Hay parlamentos verdaderamente brillantes por los que no han pasado el tiempo:
Refiriéndose a la masa del pueblo: “—Pues ya lo ve usted: con toreros valientes y mujeres guapas, si no se le gobierna, se le entretiene”.
O también: “—Sería yo traidor y cobarde si no estuviera a su lado, contra esa sociedad de tartufos, que quieren hacernos creer que defienden ideas, cuando defienden intereses. ¡Libertad… o patria!... Esas son palabras grandes que les sirven de trinchera o de barricada para defender su interés egoísta, una posición social, un sueldo, hasta un negocio de timba…”.
Y un tercero, por no alargar más este texto: “—Todas las personas de orden estamos al lado de usted. —Sí, ya lo sé; pero yo creo que el arte de gobernar consiste en tener al lado a la gente de desorden…”.
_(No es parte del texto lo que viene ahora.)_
(* Let $\Omega$ be a transitive state space (normalized so that its maximally mixed state $\omega_M$ satisfies $(\omega_M,\omega_M)_E=1$). Then the vector $\hat u\in V$ representing the unit effect $u$ via the inner product $\langle\cdot,\cdot\rangle_{GL(\Omega)}$ (i.e. $u(x)=\langle\hat u,x\rangle_{GL(\Omega)}$ for all $x\in V$; $\hat u$ lies in the internal dual cone $V^{*int}_{+}$) is equal to $\omega_M$.
   Context: $V=\mathbb R^{N+1}$ with Euclidean inner product $(\cdot,\cdot)_E$. A state space $\Omega\subset V$ is a compact convex set with $\mathrm{span}(\Omega)=V$ and $0\notin\mathrm{aff}(\Omega)$; $V_+=\{\lambda\omega:\lambda\ge0,\omega\in\Omega\}$; the unit effect $u\in V^*$ is the linear functional with $u(\omega)=1$ for all $\omega\in\Omega$. $GL(\Omega)$ is the compact group of linear bijections $T:V\to V$ with $T(\Omega)=\Omega$, $\mu$ its normalized Haar measure, and $\langle x,y\rangle_{GL(\Omega)}=\int_{GL(\Omega)}(Tx,Ty)_E\,d\mu(T)$. $\Omega$ is transitive if $GL(\Omega)$ acts transitively on the extreme points of $\Omega$; in that case there is a unique state $\omega_M\in\Omega$ (maximally mixed state) with $T\omega_M=\omega_M$ for all $T\in GL(\Omega)$, and by convention $\Omega$ is rescaled so that $(\omega_M,\omega_M)_E=1$. $V^{*int}_+=\{y\in V:\langle x,y\rangle_{GL(\Omega)}\ge0\ \forall x\in V_+\}$. *)

theory Defs
  imports "HOL-Analysis.Analysis" "HOL-Probability.Probability"
begin

text \<open>V = R^{N+1} is modelled as real^'n for a finite index type 'n; the Euclidean
inner product is the standard inner product.  Linear maps V -> V are matrices.\<close>

definition state_space :: "(real^'n) set \<Rightarrow> bool" where
  "state_space \<Omega> \<longleftrightarrow> compact \<Omega> \<and> convex \<Omega> \<and> span \<Omega> = UNIV \<and> 0 \<notin> affine hull \<Omega>"

definition GL_Omega :: "(real^'n) set \<Rightarrow> (real^'n^'n) set" where
  "GL_Omega \<Omega> = {T. invertible T \<and> (\<lambda>x. T *v x) ` \<Omega> = \<Omega>}"

definition transitive_state_space :: "(real^'n) set \<Rightarrow> bool" where
  "transitive_state_space \<Omega> \<longleftrightarrow> state_space \<Omega> \<and>
     (\<forall>x y. x extreme_point_of \<Omega> \<longrightarrow> y extreme_point_of \<Omega> \<longrightarrow>
        (\<exists>T\<in>GL_Omega \<Omega>. T *v x = y))"

definition haar_GL :: "(real^'n) set \<Rightarrow> (real^'n^'n) measure \<Rightarrow> bool" where
  "haar_GL \<Omega> \<mu> \<longleftrightarrow> sets \<mu> = sets borel \<and> prob_space \<mu> \<and> emeasure \<mu> (GL_Omega \<Omega>) = 1 \<and>
     (\<forall>S\<in>GL_Omega \<Omega>. distr \<mu> \<mu> (\<lambda>T. S ** T) = \<mu> \<and> distr \<mu> \<mu> (\<lambda>T. T ** S) = \<mu>)"

definition inner_GL :: "(real^'n^'n) measure \<Rightarrow> real^'n \<Rightarrow> real^'n \<Rightarrow> real" where
  "inner_GL \<mu> x y = (\<integral>T. (T *v x) \<bullet> (T *v y) \<partial>\<mu>)"

end

theory Submission
  imports Defs
begin

text \<open>Since \<open>\<omega>M\<close> is fixed by GL(\<Omega>) and the averaged inner product is GL(\<Omega>)-invariant,
the functional \<open>inner_GL \<mu> \<omega>M\<close> takes the same value at all extreme points, which GL(\<Omega>)
permutes transitively. By Krein-Milman the extreme points span V, so this functional is a multiple
of u, and evaluating at \<open>\<omega>M\<close> shows that the factor is \<open>inner_GL \<mu> \<omega>M \<omega>M = \<omega>M \<bullet> \<omega>M = 1\<close>.
Hence \<open>\<omega>M\<close> and \<open>u_hat\<close> represent the same functional, and they coincide because the averaged
inner product is positive definite: almost every T is invertible.\<close>

lemma continuous_on_matrix_vector_mult_left:
  "continuous_on UNIV (\<lambda>T::real^'n^'m. T *v x)"
  unfolding matrix_vector_mult_def by (intro continuous_on_vec_lambda continuous_intros)

lemma continuous_on_matrix_mult_left:
  "continuous_on UNIV (\<lambda>T::real^'n^'m. T ** S)"
  unfolding matrix_matrix_mult_def by (intro continuous_on_vec_lambda continuous_intros)

lemma borel_measurable_inner_matrix_vector_mult:
  "(\<lambda>T::real^'n^'n. (T *v x) \<bullet> (T *v y)) \<in> borel_measurable borel"
  by (intro borel_measurable_continuous_onI continuous_intros continuous_on_matrix_vector_mult_left)

lemma GL_Omega_orbit_bounded:
  fixes \<Omega> :: "(real^'n) set"
  assumes "state_space \<Omega>"
  shows "\<exists>K. \<forall>T\<in>GL_Omega \<Omega>. norm (T *v x) \<le> K"
proof -
  have "bounded \<Omega>" using assms compact_imp_bounded unfolding state_space_def by blast
  then obtain R where R: "\<And>w. w \<in> \<Omega> \<Longrightarrow> norm w \<le> R" by (meson bounded_iff)
  have "x \<in> span \<Omega>" using assms unfolding state_space_def by simp
  then obtain t r where t: "finite t" "t \<subseteq> \<Omega>" and x: "x = (\<Sum>a\<in>t. r a *\<^sub>R a)"
    unfolding span_explicit by blast
  have "norm (T *v x) \<le> (\<Sum>a\<in>t. \<bar>r a\<bar> * R)" if T: "T \<in> GL_Omega \<Omega>" for T
  proof -
    have "T *v x = (\<Sum>a\<in>t. r a *\<^sub>R (T *v a))"
      unfolding x using t(1)
      by (induction t rule: finite_induct)
        (simp_all add: matrix_vector_right_distrib matrix_vector_mult_scaleR)
    also have "norm \<dots> \<le> (\<Sum>a\<in>t. norm (r a *\<^sub>R (T *v a)))" by (rule norm_sum)
    also have "\<dots> \<le> (\<Sum>a\<in>t. \<bar>r a\<bar> * R)"
    proof (rule sum_mono)
      fix a assume "a \<in> t"
      then have "T *v a \<in> \<Omega>" using T t(2) unfolding GL_Omega_def by blast
      then show "norm (r a *\<^sub>R (T *v a)) \<le> \<bar>r a\<bar> * R"
        using R by (simp add: mult_left_mono)
    qed
    finally show ?thesis .
  qed
  then show ?thesis by blast
qed

lemma GL_Omega_mult_vector_eq_0D:
  assumes "T \<in> GL_Omega \<Omega>" and "T *v x = 0"
  shows "x = 0"
proof -
  obtain T' where "T' ** T = mat 1" using assms(1) unfolding GL_Omega_def invertible_def by blast
  then have "x = T' *v (T *v x)" by (simp add: matrix_vector_mul_assoc)
  with assms(2) show ?thesis by simp
qed

lemma haar_GL_prob_space: "haar_GL \<Omega> \<mu> \<Longrightarrow> prob_space \<mu>"
  unfolding haar_GL_def by blast

lemma haar_GL_sets: "haar_GL \<Omega> \<mu> \<Longrightarrow> sets \<mu> = sets borel"
  unfolding haar_GL_def by blast

lemma haar_GL_borel_measurable:
  assumes "haar_GL \<Omega> \<mu>" and "f \<in> borel_measurable borel"
  shows "f \<in> borel_measurable \<mu>"
  using assms(2) measurable_cong_sets[OF haar_GL_sets[OF assms(1)] refl] by metis

lemma haar_GL_AE_GL_Omega:
  assumes "haar_GL \<Omega> \<mu>"
  shows "AE T in \<mu>. T \<in> GL_Omega \<Omega>"
proof -
  have GL1: "emeasure \<mu> (GL_Omega \<Omega>) = 1" using assms unfolding haar_GL_def by blast
  then have "GL_Omega \<Omega> \<in> sets \<mu>" using emeasure_neq_0_sets by force
  with GL1 show ?thesis
    using prob_space.AE_in_set_eq_1[OF haar_GL_prob_space[OF assms]] by (simp add: measure_def)
qed

lemma integrable_haar_GL_inner:
  assumes "state_space \<Omega>" and "haar_GL \<Omega> \<mu>"
  shows "integrable \<mu> (\<lambda>T. (T *v x) \<bullet> (T *v y))"
proof -
  obtain Kx where Kx: "\<forall>T\<in>GL_Omega \<Omega>. norm (T *v x) \<le> Kx"
    using GL_Omega_orbit_bounded[OF assms(1)] by blast
  obtain Ky where Ky: "\<forall>T\<in>GL_Omega \<Omega>. norm (T *v y) \<le> Ky"
    using GL_Omega_orbit_bounded[OF assms(1)] by blast
  have "AE T in \<mu>. norm ((T *v x) \<bullet> (T *v y)) \<le> Kx * Ky"
    using haar_GL_AE_GL_Omega[OF assms(2)]
  proof eventually_elim
    case (elim T)
    have "norm ((T *v x) \<bullet> (T *v y)) \<le> norm (T *v x) * norm (T *v y)"
      using Cauchy_Schwarz_ineq2 by simp
    also have "\<dots> \<le> Kx * Ky"
      using Kx Ky elim by (intro mult_mono) (auto intro: order_trans[OF norm_ge_zero])
    finally show ?case .
  qed
  then show ?thesis
    by (rule finite_measure.integrable_const_bound
        [OF prob_space.finite_measure[OF haar_GL_prob_space[OF assms(2)]] _
          haar_GL_borel_measurable[OF assms(2) borel_measurable_inner_matrix_vector_mult]])
qed

lemma inner_GL_GL_Omega_invariant:
  assumes "haar_GL \<Omega> \<mu>" and "S \<in> GL_Omega \<Omega>"
  shows "inner_GL \<mu> (S *v x) (S *v y) = inner_GL \<mu> x y"
proof -
  have distr: "distr \<mu> \<mu> (\<lambda>T. T ** S) = \<mu>"
    using assms unfolding haar_GL_def by blast
  have "(\<lambda>T. T ** S) \<in> measurable \<mu> \<mu>"
    using borel_measurable_continuous_onI[OF continuous_on_matrix_mult_left] measurable_cong_sets
      [OF haar_GL_sets[OF assms(1)] haar_GL_sets[OF assms(1)]] by simp
  then have "integral\<^sup>L (distr \<mu> \<mu> (\<lambda>T. T ** S)) (\<lambda>T. (T *v x) \<bullet> (T *v y))
      = integral\<^sup>L \<mu> (\<lambda>T. ((T ** S) *v x) \<bullet> ((T ** S) *v y))"
    by (rule integral_distr[OF _ haar_GL_borel_measurable
          [OF assms(1) borel_measurable_inner_matrix_vector_mult]])
  then show ?thesis
    unfolding inner_GL_def distr by (simp add: matrix_vector_mul_assoc)
qed

lemma linear_inner_GL:
  assumes "state_space \<Omega>" and "haar_GL \<Omega> \<mu>"
  shows "linear (inner_GL \<mu> x)"
proof (rule linearI)
  fix a b
  show "inner_GL \<mu> x (a + b) = inner_GL \<mu> x a + inner_GL \<mu> x b"
    unfolding inner_GL_def
    by (simp add: matrix_vector_right_distrib inner_add_right integrable_haar_GL_inner[OF assms])
next
  fix c a
  show "inner_GL \<mu> x (c *\<^sub>R a) = c *\<^sub>R inner_GL \<mu> x a"
    unfolding inner_GL_def by (simp add: matrix_vector_mult_scaleR)
qed

lemma inner_GL_diff_left:
  assumes "state_space \<Omega>" and "haar_GL \<Omega> \<mu>"
  shows "inner_GL \<mu> (a - b) y = inner_GL \<mu> a y - inner_GL \<mu> b y"
  unfolding inner_GL_def
  by (subst Bochner_Integration.integral_diff[symmetric,
        OF integrable_haar_GL_inner[OF assms] integrable_haar_GL_inner[OF assms]])
    (simp add: matrix_vector_mult_diff_distrib inner_diff_left)

lemma inner_GL_fixed_vector:
  assumes "haar_GL \<Omega> \<mu>" and "\<forall>T\<in>GL_Omega \<Omega>. T *v \<omega> = \<omega>"
  shows "inner_GL \<mu> \<omega> \<omega> = \<omega> \<bullet> \<omega>"
proof -
  have "AE T in \<mu>. (T *v \<omega>) \<bullet> (T *v \<omega>) = \<omega> \<bullet> \<omega>"
    using haar_GL_AE_GL_Omega[OF assms(1)] by eventually_elim (simp add: assms(2))
  then have "inner_GL \<mu> \<omega> \<omega> = integral\<^sup>L \<mu> (\<lambda>T. \<omega> \<bullet> \<omega>)"
    unfolding inner_GL_def
    by (rule integral_cong_AE[OF haar_GL_borel_measurable
          [OF assms(1) borel_measurable_inner_matrix_vector_mult] borel_measurable_const])
  also have "\<dots> = \<omega> \<bullet> \<omega>"
    using prob_space.prob_space[OF haar_GL_prob_space[OF assms(1)]] by simp
  finally show ?thesis .
qed

lemma inner_GL_self_eq_0D:
  assumes "state_space \<Omega>" and "haar_GL \<Omega> \<mu>" and "inner_GL \<mu> x x = 0"
  shows "x = 0"
proof -
  have "AE T in \<mu>. (T *v x) \<bullet> (T *v x) = 0"
    using assms(3) integral_nonneg_eq_0_iff_AE[OF integrable_haar_GL_inner[OF assms(1,2)]]
    unfolding inner_GL_def by simp
  then have "AE T in \<mu>. T \<in> GL_Omega \<Omega> \<and> T *v x = 0"
    using haar_GL_AE_GL_Omega[OF assms(2)] by eventually_elim simp
  then obtain T where "T \<in> GL_Omega \<Omega> \<and> T *v x = 0"
    using eventually_happens'[OF prob_space.ae_filter_bot[OF haar_GL_prob_space[OF assms(2)]]]
    by blast
  then show ?thesis using GL_Omega_mult_vector_eq_0D by blast
qed

lemma inner_GL_left_cancel:
  assumes "state_space \<Omega>" and "haar_GL \<Omega> \<mu>" and "\<forall>y. inner_GL \<mu> a y = inner_GL \<mu> b y"
  shows "a = b"
proof -
  have "inner_GL \<mu> (a - b) (a - b) = 0"
    using assms(3) by (simp add: inner_GL_diff_left[OF assms(1,2)])
  then have "a - b = 0" by (rule inner_GL_self_eq_0D[OF assms(1,2)])
  then show ?thesis by simp
qed

lemma linear_const_on_extreme_points_imp_scaled:
  fixes \<Omega> :: "(real^'n) set" and g u :: "real^'n \<Rightarrow> real"
  assumes "state_space \<Omega>" and "linear g" and "linear u" and "\<forall>\<omega>\<in>\<Omega>. u \<omega> = 1"
    and "\<And>e. e extreme_point_of \<Omega> \<Longrightarrow> g e = c"
  shows "g x = c * u x"
proof -
  let ?E = "{e. e extreme_point_of \<Omega>}"
  have "linear (\<lambda>x. g x - c * u x)"
    using assms(2,3)
    by (intro linear_compose_sub linear_compose[of u "(*) c", unfolded o_def] linear_times)
  moreover have "g e - c * u e = 0" if "e \<in> ?E" for e
    using that assms(4,5) extreme_point_of_def by auto
  moreover have "x \<in> span ?E"
  proof -
    have "\<Omega> = convex hull ?E"
      using assms(1) Krein_Milman_Minkowski unfolding state_space_def by blast
    then have "\<Omega> \<subseteq> span ?E" using convex_hull_subset_span by blast
    then have "span \<Omega> \<subseteq> span ?E" by (simp add: span_minimal)
    then show ?thesis using assms(1) unfolding state_space_def by auto
  qed
  ultimately have "g x - c * u x = 0" by (rule linear_eq_0_on_span)
  then show ?thesis by simp
qed

lemma inner_GL_fixed_vector_const_on_extreme_points:
  assumes "transitive_state_space \<Omega>" and "haar_GL \<Omega> \<mu>"
    and "\<forall>T\<in>GL_Omega \<Omega>. T *v \<omega> = \<omega>" and "e0 extreme_point_of \<Omega>" and "e extreme_point_of \<Omega>"
  shows "inner_GL \<mu> \<omega> e = inner_GL \<mu> \<omega> e0"
proof -
  obtain T where T: "T \<in> GL_Omega \<Omega>" and "T *v e0 = e"
    using assms(1,4,5) unfolding transitive_state_space_def by blast
  then have "inner_GL \<mu> \<omega> e = inner_GL \<mu> (T *v \<omega>) (T *v e0)"
    using assms(3) by simp
  also have "\<dots> = inner_GL \<mu> \<omega> e0"
    by (rule inner_GL_GL_Omega_invariant[OF assms(2) T])
  finally show ?thesis .
qed

theorem lemma3p1:
  fixes \<Omega> :: "(real^'n) set" and u :: "real^'n \<Rightarrow> real" and \<omega>M u_hat :: "real^'n"
    and \<mu> :: "(real^'n^'n) measure"
  assumes "transitive_state_space \<Omega>"
    and "linear u" and "\<forall>\<omega>\<in>\<Omega>. u \<omega> = 1"
    and "\<omega>M \<in> \<Omega>" and "\<forall>T\<in>GL_Omega \<Omega>. T *v \<omega>M = \<omega>M"
    and "\<omega>M \<bullet> \<omega>M = 1"
    and "haar_GL \<Omega> \<mu>"
    and "\<forall>x. u x = inner_GL \<mu> u_hat x"
  shows "u_hat = \<omega>M"
proof -
  have \<Omega>: "state_space \<Omega>" using assms(1) unfolding transitive_state_space_def by blast
  obtain e0 where "e0 extreme_point_of \<Omega>"
    using \<Omega> assms(4) Krein_Milman_Minkowski unfolding state_space_def by fastforce
  then have scaled_u: "inner_GL \<mu> \<omega>M x = inner_GL \<mu> \<omega>M e0 * u x" for x
    by (rule linear_const_on_extreme_points_imp_scaled
        [OF \<Omega> linear_inner_GL[OF \<Omega> assms(7)] assms(2,3)
          inner_GL_fixed_vector_const_on_extreme_points[OF assms(1,7,5)]])
  have "inner_GL \<mu> \<omega>M \<omega>M = 1"
    using inner_GL_fixed_vector[OF assms(7,5)] assms(6) by simp
  then have "inner_GL \<mu> \<omega>M e0 = 1"
    using scaled_u[of \<omega>M] assms(3,4) by simp
  then have "inner_GL \<mu> u_hat x = inner_GL \<mu> \<omega>M x" for x
    using scaled_u[of x] assms(8) by simp
  then show ?thesis by (intro inner_GL_left_cancel[OF \<Omega> assms(7)] allI)
qed

end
Realmente parecen unos textos con plena actualidad a pesar de los cien largos años que nos separan de ellos. Ya se ve, pues, que la política, o mejor, los políticos no han inventado nada nuevo en el transcurso de este tiempo, y es que para cambiar o resolver situaciones críticas o delicadas no hay otra solución que honradez, respeto, rectitud y eficacia.